Task statement: Return the following from the records below: each line, word for word, starting with the line that contains "(pd1 (radial_mode \<kappa>" and going on through the line that contains "otherwise S with", with nothing outside that range.
(Dataset extract Opens)
(* Let $K,N_r\in\mathbb{N}$ with $N_r\geq 2K+1$, let $R>0$, and let $\mathbf{Y}\in\mathbb{C}^{2N_r\times(4K+2)}$, $\mathbf{Z}_{\mathbf{Y}}$ be as in the context. Then, as $R\to+\infty$, the matrix $\mathbf{Y}^*\mathbf{Y}$ admits the decomposition $$\mathbf{Y}^*\mathbf{Y}=N_r\mathbf{Z}_{\mathbf{Y}}+\mathbf{Q},$$ where $\mathbf{Q}=(q_{\ell\ell'})_{\ell,\ell'=1,\dots,4K+2}$ satisfies $|q_{\ell\ell'}|\leq CR^{-2}$ for some constant $C>0$ independent of $R$.
   Context: Let $\lambda_0,\mu_0,\rho_0>0$, $\omega>0$, $c_S=\sqrt{\mu_0/\rho_0}$, $c_P=\sqrt{(\lambda_0+2\mu_0)/\rho_0}$, $\kappa_\alpha=\omega/c_\alpha$ ($\alpha\in\{P,S\}$). With $\mathbf{x}=|\mathbf{x}|(\cos\varphi_{\mathbf{x}},\sin\varphi_{\mathbf{x}})$ and $\vec\nabla_\perp\times f=(\partial_2 f,-\partial_1 f)^\top$, let $\mathbf{H}^P_n(\mathbf{x})=\nabla[H^{(1)}_n(\kappa_P|\mathbf{x}|)e^{in\varphi_{\mathbf{x}}}]$ and $\mathbf{H}^S_n(\mathbf{x})=\vec\nabla_\perp\times[H^{(1)}_n(\kappa_S|\mathbf{x}|)e^{in\varphi_{\mathbf{x}}}]$, $n\in\mathbb{Z}$, where $H^{(1)}_n$ is the Hankel function of the first kind. Receivers: $\mathbf{x}_r=R(\cos\theta_r,\sin\theta_r)$, $\theta_r=2\pi r/N_r$, $r=1,\dots,N_r$, with reception directions $\mathbf{d}_r=(\cos\theta_r,\sin\theta_r)$ and $\mathbf{d}_r^\perp=(-\sin\theta_r,\cos\theta_r)$. Define $\mathbf{Y}^\alpha_\parallel,\mathbf{Y}^\alpha_\perp\in\mathbb{C}^{N_r\times(2K+1)}$ (columns indexed by $n=-K,\dots,K$) by $(\mathbf{Y}^\alpha_\parallel)_{rn}=\overline{\mathbf{H}^\alpha_n(\mathbf{x}_r)}\cdot\mathbf{d}_r$, $(\mathbf{Y}^\alpha_\perp)_{rn}=\overline{\mathbf{H}^\alpha_n(\mathbf{x}_r)}\cdot\mathbf{d}^\perp_r$, and $\mathbf{Y}=\begin{pmatrix}\mathbf{Y}^P_\parallel & \mathbf{Y}^S_\parallel\\ \mathbf{Y}^P_\perp & \mathbf{Y}^S_\perp\end{pmatrix}$; $\mathbf{Y}^*$ is the conjugate transpose. Let $g^P_m=\kappa_P(H^{(1)}_m)'(\kappa_PR)$ and $h^S_m=-\kappa_S(H^{(1)}_m)'(\kappa_SR)$, and $\mathbf{Z}_{\mathbf{Y}}=\begin{pmatrix}\mathbf{C}^{P,P} & \mathbf{0}\\ \mathbf{0} & \mathbf{D}^{S,S}\end{pmatrix}$ with $\mathbf{C}^{P,P}={\rm diag}(|g^P_{-K}|^2,\dots,|g^P_K|^2)$, $\mathbf{D}^{S,S}={\rm diag}(|h^S_{-K}|^2,\dots,|h^S_K|^2)$. *)

theory Defs
  imports "HOL-Analysis.Analysis"
begin

text \<open>Bessel functions of integer order for real argument x > 0, via Bessel's
integral and Schlaefli's integral (DLMF 10.9.2, 10.9.7 with cos(n pi) = (-1)^n).\<close>

definition besselJ :: "int \<Rightarrow> real \<Rightarrow> real" where
  "besselJ n x = (1 / pi) * integral {0..pi} (\<lambda>\<theta>. cos (of_int n * \<theta> - x * sin \<theta>))"

definition besselY :: "int \<Rightarrow> real \<Rightarrow> real" where
  "besselY n x =
     (1 / pi) * integral {0..pi} (\<lambda>\<theta>. sin (x * sin \<theta> - of_int n * \<theta>))
   - (1 / pi) * integral {0..}
       (\<lambda>t. (exp (of_int n * t) + ((-1::real) powi n) * exp (- of_int n * t)) * exp (- x * sinh t))"

definition hankel1 :: "int \<Rightarrow> real \<Rightarrow> complex" where
  "hankel1 n x = Complex (besselJ n x) (besselY n x)"

text \<open>Points of the plane are represented as complex numbers z = x1 + i x2.\<close>
definition pd1 :: "(complex \<Rightarrow> complex) \<Rightarrow> complex \<Rightarrow> complex" where
  "pd1 f z = vector_derivative (\<lambda>t::real. f (z + of_real t)) (at 0)"

definition pd2 :: "(complex \<Rightarrow> complex) \<Rightarrow> complex \<Rightarrow> complex" where
  "pd2 f z = vector_derivative (\<lambda>t::real. f (z + \<i> * of_real t)) (at 0)"

text \<open>The function x \<mapsto> H_n(\<kappa>|x|) e^{i n \<phi>_x}; e^{i\<phi>_x} = z/|z|.\<close>
definition radial_mode :: "real \<Rightarrow> int \<Rightarrow> complex \<Rightarrow> complex" where
  "radial_mode \<kappa> n z = hankel1 n (\<kappa> * cmod z) * (z / of_real (cmod z)) powi n"

definition HP :: "real \<Rightarrow> int \<Rightarrow> complex \<Rightarrow> complex \<times> complex" where
  "HP \<kappa> n z = (pd1 (radial_mode \<kappa> n) z, pd2 (radial_mode \<kappa> n) z)"

definition HS :: "real \<Rightarrow> int \<Rightarrow> complex \<Rightarrow> complex \<times> complex" where
  "HS \<kappa> n z = (pd2 (radial_mode \<kappa> n) z, - pd1 (radial_mode \<kappa> n) z)"

definition cdot :: "complex \<times> complex \<Rightarrow> real \<times> real \<Rightarrow> complex" where
  "cdot v d = cnj (fst v) * of_real (fst d) + cnj (snd v) * of_real (snd d)"

definition theta_r :: "nat \<Rightarrow> nat \<Rightarrow> real" where
  "theta_r Nr r = 2 * pi * real r / real Nr"

definition x_r :: "real \<Rightarrow> nat \<Rightarrow> nat \<Rightarrow> complex" where
  "x_r R Nr r = of_real R * cis (theta_r Nr r)"

text \<open>Column l (0-based, l < 4K+2): l < 2K+1 is P with n = l - K,
  otherwise S with n = l - (2K+1) - K.\<close>
definition Hfield :: "real \<Rightarrow> real \<Rightarrow> nat \<Rightarrow> nat \<Rightarrow> complex \<Rightarrow> complex \<times> complex" where
  "Hfield \<kappa>P \<kappa>S K l z =
     (if l < 2*K+1 then HP \<kappa>P (int l - int K) z
      else HS \<kappa>S (int l - int (2*K+1) - int K) z)"

text \<open>Row i (0-based, i < 2Nr): i < Nr is the parallel component at receiver r = i+1,
  otherwise the perpendicular component at receiver r = i - Nr + 1.\<close>
definition Ymat :: "real \<Rightarrow> real \<Rightarrow> nat \<Rightarrow> nat \<Rightarrow> real \<Rightarrow> nat \<Rightarrow> nat \<Rightarrow> complex" where
  "Ymat \<kappa>P \<kappa>S K Nr R i l =
     (if i < Nr then
        (let r = i + 1; \<theta> = theta_r Nr r in
          cdot (Hfield \<kappa>P \<kappa>S K l (x_r R Nr r)) (cos \<theta>, sin \<theta>))
      else
        (let r = i - Nr + 1; \<theta> = theta_r Nr r in
          cdot (Hfield \<kappa>P \<kappa>S K l (x_r R Nr r)) (- sin \<theta>, cos \<theta>)))"

definition YstarY :: "real \<Rightarrow> real \<Rightarrow> nat \<Rightarrow> nat \<Rightarrow> real \<Rightarrow> nat \<Rightarrow> nat \<Rightarrow> complex" where
  "YstarY \<kappa>P \<kappa>S K Nr R l l' =
     (\<Sum>i<2*Nr. cnj (Ymat \<kappa>P \<kappa>S K Nr R i l) * Ymat \<kappa>P \<kappa>S K Nr R i l')"

definition gP :: "real \<Rightarrow> real \<Rightarrow> int \<Rightarrow> complex" where
  "gP \<kappa> R m = of_real \<kappa> * vector_derivative (hankel1 m) (at (\<kappa> * R))"

definition hS :: "real \<Rightarrow> real \<Rightarrow> int \<Rightarrow> complex" where
  "hS \<kappa> R m = - of_real \<kappa> * vector_derivative (hankel1 m) (at (\<kappa> * R))"

definition ZY :: "real \<Rightarrow> real \<Rightarrow> nat \<Rightarrow> real \<Rightarrow> nat \<Rightarrow> nat \<Rightarrow> complex" where
  "ZY \<kappa>P \<kappa>S K R l l' =
     (if l \<noteq> l' then 0
      else if l < 2*K+1 then of_real ((cmod (gP \<kappa>P R (int l - int K)))\<^sup>2)
      else of_real ((cmod (hS \<kappa>S R (int l - int (2*K+1) - int K)))\<^sup>2))"

end

theory Submission
  imports Defs
begin

text \<open>
  For \<open>x > |n|\<close>, Bessel's and Schlaefli's integrals give \<open>\<pi> H\<^sub>n(x) = I\<^sub>n(x) - i T\<^sub>n(x)\<close> with the
  oscillatory integral \<open>I\<^sub>n(x) = \<integral>\<^sub>0\<^sup>\<pi> cis (x sin \<theta> - n \<theta>) d\<theta>\<close> (\<open>bessel_osc\<close>) and the Schlaefli tail
  \<open>T\<^sub>n(x)\<close> (\<open>schlaefli_tail\<close>).
  The tail and its \<open>x\<close>-derivative are \<open>O(1/x)\<close> by exponential domination. \<open>I\<^sub>n\<close> and its
  \<open>x\<close>-derivative are \<open>O(1/\<surd>x)\<close>: integrate by parts away from the stationary point \<open>\<theta> = \<pi>/2\<close> and
  bound the window of width \<open>2/\<surd>x\<close> around it trivially. Hence \<open>H\<^sub>n\<close> and \<open>H\<^sub>n'\<close> are \<open>O(1/\<surd>x)\<close>.

  At the receiver \<open>R cis \<theta>\<close> the radial and angular derivatives of \<open>H\<^sub>n(\<kappa>|x|) cis (n \<phi>)\<close> are
  \<open>\<kappa> H\<^sub>n'(\<kappa>R) cis (n\<theta>)\<close> and \<open>(i n / R) H\<^sub>n(\<kappa>R) cis (n\<theta>)\<close>, so each column of \<open>Y\<close> is a discrete
  Fourier mode weighted by one radial and one angular coefficient. Summing over the receivers, the
  orthogonality of the \<open>N\<^sub>r\<close>-th roots of unity (\<open>|m - m'| \<le> 2K < N\<^sub>r\<close>) kills every entry of
  \<open>Y\<^sup>*Y\<close> with different mode numbers and leaves \<open>N\<^sub>r\<close> times a sum of coefficient products otherwise.
  The product of two radial coefficients is exactly \<open>N\<^sub>r Z\<^sub>Y\<close>; every other product contains an
  angular coefficient, which is \<open>O(R^(-3/2))\<close>, against a coefficient \<open>O(R^(-1/2))\<close>.
\<close>

section \<open>Decay of the Schlaefli tail\<close>

lemma exp_dominated_integral:
  fixes f :: "real \<Rightarrow> real"
  assumes cont: "continuous_on {0..} f" and a: "a > 0"
    and bound: "\<And>t. t \<ge> 0 \<Longrightarrow> \<bar>f t\<bar> \<le> C * exp (- a * t)"
  shows "f integrable_on {0..}" "\<bar>integral {0..} f\<bar> \<le> C / a"
proof -
  have dom: "((\<lambda>t. C * exp (- a * t)) has_integral C / a) {0..}"
    using has_integral_mult_right[OF has_integral_exp_minus_to_infinity[OF a, of 0], of C] by simp
  hence dom_int: "(\<lambda>t. C * exp (- a * t)) integrable_on {0..}" by blast
  show f_int: "f integrable_on {0..}"
  proof (rule integrable_on_all_intervals_integrable_bound[where g = "\<lambda>t. C * exp (- a * t)"])
    fix u v :: real
    have "{0..} \<inter> cbox u v = {max 0 u..v}" by auto
    then show "(\<lambda>x. if x \<in> {0..} then f x else 0) integrable_on cbox u v"
      unfolding integrable_restrict_Int
      by (metis atLeast_iff continuous_on_subset[OF cont] integrable_continuous_real
          max.cobounded1 order_trans subsetI atLeastAtMost_iff)
  qed (use bound dom_int in simp_all)
  have "norm (integral {0..} f) \<le> integral {0..} (\<lambda>t. C * exp (- a * t))"
    by (rule integral_norm_bound_integral[OF f_int dom_int]) (use bound in auto)
  thus "\<bar>integral {0..} f\<bar> \<le> C / a" using integral_unique[OF dom] by simp
qed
(Dataset extract Closes)
Written answer:
  "HP \<kappa> n z = (pd1 (radial_mode \<kappa> n) z, pd2 (radial_mode \<kappa> n) z)"

definition HS :: "real \<Rightarrow> int \<Rightarrow> complex \<Rightarrow> complex \<times> complex" where
  "HS \<kappa> n z = (pd2 (radial_mode \<kappa> n) z, - pd1 (radial_mode \<kappa> n) z)"

definition cdot :: "complex \<times> complex \<Rightarrow> real \<times> real \<Rightarrow> complex" where
  "cdot v d = cnj (fst v) * of_real (fst d) + cnj (snd v) * of_real (snd d)"

definition theta_r :: "nat \<Rightarrow> nat \<Rightarrow> real" where
  "theta_r Nr r = 2 * pi * real r / real Nr"

definition x_r :: "real \<Rightarrow> nat \<Rightarrow> nat \<Rightarrow> complex" where
  "x_r R Nr r = of_real R * cis (theta_r Nr r)"

text \<open>Column l (0-based, l < 4K+2): l < 2K+1 is P with n = l - K,
  otherwise S with n = l - (2K+1) - K.\<close>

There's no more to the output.